# Mite and Lice Spray for Birds



## kajupakhi (Aug 2, 2004)

Hi guys,
does anyone know if the spray in the link below is good for killing bird lices?
Thanks a lot in advance for your replies
http://www.petsmart.com/global/prod...<>ast_id=2534374302023691&bmUID=1114999235124

kajupakhi


----------



## feralpigeon (Feb 14, 2005)

Hi there,

Yes, I have used this product on some pretty dire cases and it has done the 
trick. Make a hood for the bird's head out of a sock end, or I used a 4'x4' gauze
pad stapled around the edges. Just protect the head. You also need to do the 
cage and let it dry. It does work. You can spray some on the tip of your finger
and apply by hand to top of head, gotta keep away from sensitive areas.

Good Luck,

fp


----------



## TaylorGS (Feb 27, 2005)

Well, I know of a spray called Dietreen-t that you can spray around your loft. It kills germs, and I think Bacteria and I know ticks. You can try that. Hope it helps!
Taylor


----------



## zoo keeper (Oct 3, 2004)

I personally use the product called Purge 3. It works very well. Put one spray under each wing and one spray under the tail feathers. Great stuff.


----------



## feralpigeon (Feb 14, 2005)

zoo keeper said:


> I personally use the product called Purge 3. It works very well.
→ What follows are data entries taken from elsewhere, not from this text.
(* Let $n$ and $k$ be even integers with $1\le k<n/2$. If $n\neq 4k$, then $C(n,k)=\langle\rho,\delta,\beta\rangle\cong \mathrm{D}_{2n}\times\mathbb{Z}_2$. If $n=4k$, then $C(n,k)=\langle\rho,\delta,\beta,\theta\rangle$.
   Context: $\mathrm{DGP}(n,k)$ ($1\le k<n/2$) is the graph with vertex set $\{(u_i,j),(v_i,j): 0\le i\le n-1,\ j\in\{0,1\}\}$ and edges $\{(u_i,j),(u_{i+1},1-j)\}$ (outer edges, forming the set $\mathcal{O}$), $\{(u_i,j),(v_i,1-j)\}$ (spokes, the set $\mathcal{S}$), $\{(v_i,j),(v_{i+k},1-j)\}$ (inner edges, the set $\mathcal{I}$), subscripts mod $n$; it is the canonical double cover of the generalized Petersen graph $\mathrm{GP}(n,k)$. Let $A(n,k)$ be its automorphism group and $C(n,k)$ the subgroup stabilizing each of $\mathcal{O},\mathcal{I},\mathcal{S}$ setwise. Define permutations of the vertex set: $(u_i,j)^\rho=(u_{i+1},j)$, $(v_i,j)^\rho=(v_{i+1},j)$; $(u_i,j)^\delta=(u_{-i},j)$, $(v_i,j)^\delta=(v_{-i},j)$; $(u_i,j)^\beta=(u_i,1-j)$, $(v_i,j)^\beta=(v_i,1-j)$. When $n=4k$ with $k$ even, define $\theta$ by: if $i+j$ is odd, $(u_i,j)^\theta=(u_{i+2k},j)$ and $(v_i,j)^\theta=(v_i,j)$; if $i+j$ is even, $(u_i,j)^\theta=(u_i,j)$ and $(v_i,j)^\theta=(v_{i+2k},j)$. $\mathrm{D}_{2n}$ is the dihedral group of order $2n$. *)

theory Defs
  imports "HOL-Algebra.Algebra"
begin

text \<open>Vertices of DGP(n,k): (side, i, j) with side U or V, 0 <= i < n, j in {0,1}
  (j encoded as bool: False = 0, True = 1).\<close>

datatype side = U | V

type_synonym vert = "side \<times> nat \<times> bool"

definition verts :: "nat \<Rightarrow> vert set" where
  "verts n = {(s, i, j). i < n}"

definition outer_edges :: "nat \<Rightarrow> vert set set" where
  "outer_edges n = {{(U, i, j), (U, (i + 1) mod n, \<not> j)} | i j. i < n}"

definition spoke_edges :: "nat \<Rightarrow> vert set set" where
  "spoke_edges n = {{(U, i, j), (V, i, \<not> j)} | i j. i < n}"

definition inner_edges :: "nat \<Rightarrow> nat \<Rightarrow> vert set set" where
  "inner_edges n k = {{(V, i, j), (V, (i + k) mod n, \<not> j)} | i j. i < n}"

abbreviation SymV :: "nat \<Rightarrow> (vert \<Rightarrow> vert) monoid" where
  "SymV n \<equiv> BijGroup (verts n)"

text \<open>C(n,k): permutations of the vertex set stabilizing O, I, S setwise
  (such permutations are automatically automorphisms of DGP(n,k)).\<close>
definition Cnk :: "nat \<Rightarrow> nat \<Rightarrow> (vert \<Rightarrow> vert) set" where
  "Cnk n k = {\<sigma> \<in> carrier (SymV n).
      (\<lambda>e. \<sigma> ` e) ` outer_edges n = outer_edges n \<and>
      (\<lambda>e. \<sigma> ` e) ` inner_edges n k = inner_edges n k \<and>
      (\<lambda>e. \<sigma> ` e) ` spoke_edges n = spoke_edges n}"

definition rho :: "nat \<Rightarrow> vert \<Rightarrow> vert" where
  "rho n = restrict (\<lambda>(s, i, j). (s, (i + 1) mod n, j)) (verts n)"

definition delta :: "nat \<Rightarrow> vert \<Rightarrow> vert" where
  "delta n = restrict (\<lambda>(s, i, j). (s, (n - i) mod n, j)) (verts n)"

definition beta :: "nat \<Rightarrow> vert \<Rightarrow> vert" where
  "beta n = restrict (\<lambda>(s, i, j). (s, i, \<not> j)) (verts n)"

definition theta :: "nat \<Rightarrow> nat \<Rightarrow> vert \<Rightarrow> vert" where
  "theta n k = restrict (\<lambda>(s, i, j).
      if odd (i + (if j then 1 else 0))
      then (if s = U then (s, (i + 2 * k) mod n, j) else (s, i, j))
      else (if s = U then (s, i, j) else (s, (i + 2 * k) mod n, j))) (verts n)"

text \<open>Dihedral group of order 2n, as the group of symmetries of the n-cycle on {0..<n},
  generated by rotation and reflection.\<close>
definition dihedral :: "nat \<Rightarrow> (nat \<Rightarrow> nat) monoid" where
  "dihedral n = (BijGroup {..<n}) \<lparr> carrier :=
      generate (BijGroup {..<n})
        {restrict (\<lambda>i. (i + 1) mod n) {..<n}, restrict (\<lambda>i. (n - i) mod n) {..<n}} \<rparr>"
Put one spray under each wing and one spray under the tail feathers. Great stuff.


Hi zk,

Which supply house has this product and what does it treat?

Thanks

fp


----------



## zoo keeper (Oct 3, 2004)

Hi Fp. 

I have purchased my Purge 3 from the feed store here in Bakersfield. It works very good on lice. I mean good. I notice the vermin dead in a matter of an hour. Recently I purchased Ivomec. This is supposed to be most excellent for lice and mites. You put a couple drops down their throat and a couple drops on their neck. It was a bit pricey, but I hear works well. I think that will be my number one choice of bug killer on the pigeons because there is not spraying that can hurt the birds eyes or lungs if missed or what ever.


----------



## Pigeonpal2002 (Jul 27, 2002)

Hi Zoo keeper, 

With the ivomec, it depends on which kind you've purchased. The injectable ivomec is meant to be administered either by injection or can be given orally. The "pour on" ivomec is the type for topical use on the skin. DON'T give the pour on or any other type of ivomec orally!


----------



## zoo keeper (Oct 3, 2004)

I do have the injectable for the oral administration. Injectable Ivomec can also be applied topically to add to the effects of oral administration. Injectable Ivomec is oil base and can be easily absorbed through the skin. You put one to two drops down the throat and one drop on the skin on the back of the neck. I am not the only pigeon person who has injectable for topical use.


----------



## Pigeonpal2002 (Jul 27, 2002)

Hi Zoo Keeper, 

That's good to know and you're right about the injectable, that it can be given topically. Just wasn't sure what you were using. As well, this is good information for other members in case there is ever confusion on what kind of Ivomec is to be used for what purpose


----------



## feralpigeon (Feb 14, 2005)

Pigeonpal2002 said:


> Hi Zoo keeper,
> 
> With the ivomec, it depends on which kind you've purchased. The injectable ivomec is meant to be administered either by injection or can be given orally. The "pour on" ivomec is the type for topical use on the skin. DON'T give the pour on or any other type of ivomec orally!


Hi Brad,

Sometimes it's hard to get a sense of which product is best when looking thru
the catalogues or sites. In Foy's they have two different Ivomec products, one
Ivomec Drench, and one Ivomec Injectable. Both of these in Foy's can be given orally, although the Drench
is supposed to be administered via food or water. Is Ivomec Drench the same 
as Ivomec Sheep Drench? At one of the supply houses they had the "Sheep
Drench" w/a disclaimer to the effect that pigeon dosage was anecdotal.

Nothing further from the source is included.